|
Пока конфликт с Лавандовым Домом, продолжающим требовать оплату своих услуг – еще и с процентами за задержку! – не был до конца улажен, Лоре и вправду было безопаснее оставаться немой. Ведь «медиум, неспособный говорить, неспособен и духов вызывать», о чем верещала без умолку хозяйка Дома, узнав, что любая попытка Лоры произнести хоть слово оборачивается кровью, наполняющей рот. Джек, как мог, пытался договориться с ними о частичном погашении долга через свой обанкротившийся фонд, но даже его коса, статус и страх, ими вызываемый, не умалили упрямого желания Лавандового Дома забрать свое. Медиумы терпеливо выжидали, когда же голос Лоры вернется к ней, а он все не возвращался и не возвращался…
«Да, Лора?» – спросил ее мысленно Джек, и Лора глянула на него так, будто он спросил об этом вслух, и улыбнулась уголком губ.
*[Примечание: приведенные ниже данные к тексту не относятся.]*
class complex_inner = complex_normed_vector +
  fixes cinner :: "'a \<Rightarrow> 'a \<Rightarrow> complex"
  assumes cinner_commute: "cinner x y = cnj (cinner y x)"
    and cinner_add_left: "cinner (x + y) z = cinner x z + cinner y z"
    and cinner_scaleC_left: "cinner (scaleC r x) y = cnj r * cinner x y"
    and cinner_nonneg: "Im (cinner x x) = 0 \<and> 0 \<le> Re (cinner x x)"
    and cinner_eq_zero_iff: "cinner x x = 0 \<longleftrightarrow> x = 0"
    and norm_eq_sqrt_cinner: "norm x = sqrt (Re (cinner x x))"

text \<open>A separable complex Hilbert space: complete complex inner product space whose
  (metric) topology is second countable (equivalently separable).\<close>
class sep_chilbert = complex_inner + complete_space + second_countable_topology

definition bounded_clinear :: "('a::complex_normed_vector \<Rightarrow> 'b::complex_normed_vector) \<Rightarrow> bool" where
  "bounded_clinear f \<longleftrightarrow> bounded_linear f \<and> (\<forall>c x. f (c *\<^sub>C x) = c *\<^sub>C f x)"

definition mbar :: "nat \<Rightarrow> nat \<Rightarrow> nat" where "mbar m n = m div gcd m n"
definition nbar :: "nat \<Rightarrow> nat \<Rightarrow> nat" where "nbar m n = n div gcd m n"

definition upsample :: "nat \<Rightarrow> (nat \<Rightarrow> 'v::zero) \<Rightarrow> nat \<Rightarrow> 'v" where
  "upsample q v t = (if q dvd t then v (t div q) else 0)"

definition downsample :: "nat \<Rightarrow> (nat \<Rightarrow> 'v) \<Rightarrow> nat \<Rightarrow> 'v" where
  "downsample q v t = v (q * t)"

primrec central_state :: "(nat \<Rightarrow> 'x \<Rightarrow> 'x::plus) \<Rightarrow> (nat \<Rightarrow> 'u \<Rightarrow> 'x) \<Rightarrow> (nat \<Rightarrow> 'u) \<Rightarrow> 'x \<Rightarrow> nat \<Rightarrow> 'x" where
  "central_state A B uo x0 0 = x0"
| "central_state A B uo x0 (Suc t) = A t (central_state A B uo x0 t) + B t (uo t)"

definition central_output :: "(nat \<Rightarrow> 'x \<Rightarrow> 'y::plus) \<Rightarrow> (nat \<Rightarrow> 'u \<Rightarrow> 'y) \<Rightarrow> (nat \<Rightarrow> 'x) \<Rightarrow> (nat \<Rightarrow> 'u) \<Rightarrow> nat \<Rightarrow> 'y" where
  "central_output C D x uo t = C t (x t) + D t (uo t)"

definition multirate_eqs ::
  "nat \<Rightarrow> nat \<Rightarrow> (nat \<Rightarrow> 'x \<Rightarrow> 'x::plus) \<Rightarrow> (nat \<Rightarrow> 'u::zero \<Rightarrow> 'x) \<Rightarrow> (nat \<Rightarrow> 'x \<Rightarrow> 'y::plus) \<Rightarrow> (nat \<Rightarrow> 'u \<Rightarrow> 'y)
   \<Rightarrow> (nat \<Rightarrow> 'u) \<Rightarrow> (nat \<Rightarrow> 'u) \<Rightarrow> (nat \<Rightarrow> 'x) \<Rightarrow> (nat \<Rightarrow> 'y) \<Rightarrow> (nat \<Rightarrow> 'y) \<Rightarrow> bool" where
  "multirate_eqs m n A B C D u uo x yo y \<longleftrightarrow>
     (\<forall>t. x (Suc t) = A t (x t) + B t (uo t)) \<and>
     (\<forall>t. yo t = C t (x t) + D t (uo t)) \<and>
     uo = upsample (mbar m n) u \<and> y = downsample (nbar m n) yo"

definition emp_seq :: "nat \<Rightarrow> complex \<Rightarrow> (nat \<Rightarrow> 'v::complex_vector) \<Rightarrow> nat \<Rightarrow> 'v" where
  "emp_seq T z vh t = inverse (z ^ t) *\<^sub>C
     (\<Sum>k<T. exp (2 * of_real pi * \<i> * of_nat t * of_nat k / of_nat T) *\<^sub>C vh k)"

definition is_EMP :: "nat \<Rightarrow> complex \<Rightarrow> (nat \<Rightarrow> 'v::complex_vector) \<Rightarrow> bool" where
  "is_EMP T z v \<longleftrightarrow> (\<exists>vh. v = emp_seq T z vh)"

text \<open>Vectors in V^T are functions nat => V vanishing from index T on.\<close>
definition vecs :: "nat \<Rightarrow> (nat \<Rightarrow> 'v::zero) set" where
  "vecs T = {v. \<forall>k\<ge>T. v k = 0}"

definition F_trans :: "nat \<Rightarrow> complex \<Rightarrow> (nat \<Rightarrow> 'v::complex_vector) \<Rightarrow> nat \<Rightarrow> 'v" where
  "F_trans T z v k = (if k < T then inverse (of_nat T) *\<^sub>C
     (\<Sum>t<T. (z ^ t * exp (- (2 * of_real pi * \<i> * of_nat t * of_nat k / of_nat T))) *\<^sub>C v t) else 0)"

definition Pi_op :: "nat \<Rightarrow> complex \<Rightarrow> nat \<Rightarrow> (nat \<Rightarrow> 'v::complex_vector) \<Rightarrow> nat \<Rightarrow> 'v" where
  "Pi_op T w q v i = (if i < q * T then (w ^ ((i div T) * T)) *\<^sub>C v (i mod T) else 0)"

definition Pi_adj :: "nat \<Rightarrow> complex \<Rightarrow> nat \<Rightarrow> (nat \<Rightarrow> 'v::complex_vector) \<Rightarrow> nat \<Rightarrow> 'v" where
  "Pi_adj T w q v t = (if t < T then (\<Sum>k<q. (cnj w ^ (k * T)) *\<^sub>C v (t + k * T)) else 0)"

definition hat_op :: "nat \<Rightarrow> (nat \<Rightarrow> 'a \<Rightarrow> 'b::complex_vector) \<Rightarrow> nat \<Rightarrow> 'a \<Rightarrow> 'b" where
  "hat_op T A k x = inverse (of_nat T) *\<^sub>C
     (\<Sum>t<T. exp (- (2 * of_real pi * \<i> * of_nat t * of_nat k / of_nat T)) *\<^sub>C A t x)"

text \<open>Toeplitz transform: block matrix with entry hat A_{(r-l) mod T} at (r,l).\<close>
definition toeplitz :: "nat \<Rightarrow> (nat \<Rightarrow> 'a \<Rightarrow> 'b::complex_vector) \<Rightarrow> (nat \<Rightarrow> 'a) \<Rightarrow> nat \<Rightarrow> 'b" where
  "toeplitz T A v r = (if r < T then (\<Sum>l<T. hat_op T A (nat ((int r - int l) mod int T)) (v l)) else 0)"

definition N_op :: "nat \<Rightarrow> (nat \<Rightarrow> 'v::complex_vector) \<Rightarrow> nat \<Rightarrow> 'v" where
  "N_op T v k = (if k < T then exp (2 * of_real pi * \<i> * of_nat k / of_nat T) *\<^sub>C v k else 0)"

definition has_bounded_inverse :: "nat \<Rightarrow> ((nat \<Rightarrow> 'v::complex_normed_vector) \<Rightarrow> nat \<Rightarrow> 'v) \<Rightarrow> bool" where
  "has_bounded_inverse T L \<longleftrightarrow> (\<exists>G.
     (\<forall>v\<in>vecs T. G v \<in> vecs T \<and> G (L v) = v \<and> L (G v) = v) \<and>
     (\<forall>a b v w. v \<in> vecs T \<longrightarrow> w \<in> vecs T \<longrightarrow>
        G (\<lambda>k. a *\<^sub>C v k + b *\<^sub>C w k) = (\<lambda>k. a *\<^sub>C G v k + b *\<^sub>C G w k)) \<and>
     (\<exists>K. \<forall>v\<in>vecs T. (\<Sum>k<T. norm (G v k)) \<le> K * (\<Sum>k<T. norm (v k))))"

definition rho :: "nat \<Rightarrow> ((nat \<Rightarrow> 'v::complex_normed_vector) \<Rightarrow> nat \<Rightarrow> 'v) \<Rightarrow> complex set" where
  "rho T AA = {z. has_bounded_inverse T (\<lambda>v k. N_op T v k - z *\<^sub>C AA v k)}"

definition vec_inv :: "nat \<Rightarrow> ((nat \<Rightarrow> 'v::zero) \<Rightarrow> nat \<Rightarrow> 'v) \<Rightarrow> (nat \<Rightarrow> 'v) \<Rightarrow> nat \<Rightarrow> 'v" where
  "vec_inv T L v = (SOME w. w \<in> vecs T \<and> L w = v)"

definition star_eqs ::
  "nat \<Rightarrow> nat \<Rightarrow> (nat \<Rightarrow> 'x \<Rightarrow> 'x::complex_vector) \<Rightarrow> (nat \<Rightarrow> 'u::complex_vector \<Rightarrow> 'x)
   \<Rightarrow> (nat \<Rightarrow> 'x \<Rightarrow> 'y::complex_vector) \<Rightarrow> (nat \<Rightarrow> 'u \<Rightarrow> 'y) \<Rightarrow> complex
   \<Rightarrow> (nat \<Rightarrow> 'u) \<Rightarrow> (nat \<Rightarrow> 'u) \<Rightarrow> (nat \<Rightarrow> 'x) \<Rightarrow> (nat \<Rightarrow> 'y) \<Rightarrow> (nat \<Rightarrow> 'y) \<Rightarrow> bool" where
  "star_eqs m n A B C D z u uo x yo y \<longleftrightarrow>
     (let P = m * nbar m n in
       N_op P x = (\<lambda>k. z *\<^sub>C toeplitz P A x k + z *\<^sub>C toeplitz P B uo k) \<and>
       yo = (\<lambda>k. toeplitz P C x k + toeplitz P D uo k) \<and>
       uo = (\<lambda>k. inverse (of_nat (mbar m n)) *\<^sub>C Pi_op n 1 (mbar m n) u k) \<and>
       y = Pi_adj m 1 (nbar m n) yo)"

definition transfer ::
  "nat \<Rightarrow> nat \<Rightarrow> (nat \<Rightarrow> 'x \<Rightarrow> 'x::complex_vector) \<Rightarrow> (nat \<Rightarrow> 'u::complex_vector \<Rightarrow> 'x)
   \<Rightarrow> (nat \<Rightarrow> 'x \<Rightarrow> 'y::complex_vector) \<Rightarrow> (nat \<Rightarrow> 'u \<Rightarrow> 'y) \<Rightarrow> complex \<Rightarrow> (nat \<Rightarrow> 'u) \<Rightarrow> nat \<Rightarrow> 'y" where
  "transfer m n A B C D z u =
     (let P = m * nbar m n;
          Pu = (\<lambda>k. inverse (of_nat (mbar m n)) *\<^sub>C Pi_op n 1 (mbar m n) u k);
          R = vec_inv P (\<lambda>v k. N_op P v k - z *\<^sub>C toeplitz P A v k)
      in Pi_adj m 1 (nbar m n)
           (\<lambda>k. z *\<^sub>C toeplitz P C (R (toeplitz P B Pu)) k + toeplitz P D Pu k))"

end

theory Submission
  imports Defs
begin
– Так вы реально собрались отмечать Самайн? – удивился Джек, когда уже перелил остаток своего кофе из чашки в бумажный стаканчик и встал из-за стола, ожидая, что следом за ним выдвинутся и друзья. Но они неожиданно остались на своих местах.
– Конечно! Для чего, ты думаешь, мы так вырядились? Может, День города теперь неофициальный, но традиции надо чтить. Ты сам учил нас этому, разве нет? – напомнил Франц ехидно, и Джек почти пожалел о том, что когда‐то был таким хорошим и примерным. – Тебе бы тоже следовало остаться. Это отличный шанс показать горожанам, что ничего страшного тридцать первого октября больше не произойдет. Обычный праздник, вот и все. Я ведь прав, моя прелестная летучая мышка?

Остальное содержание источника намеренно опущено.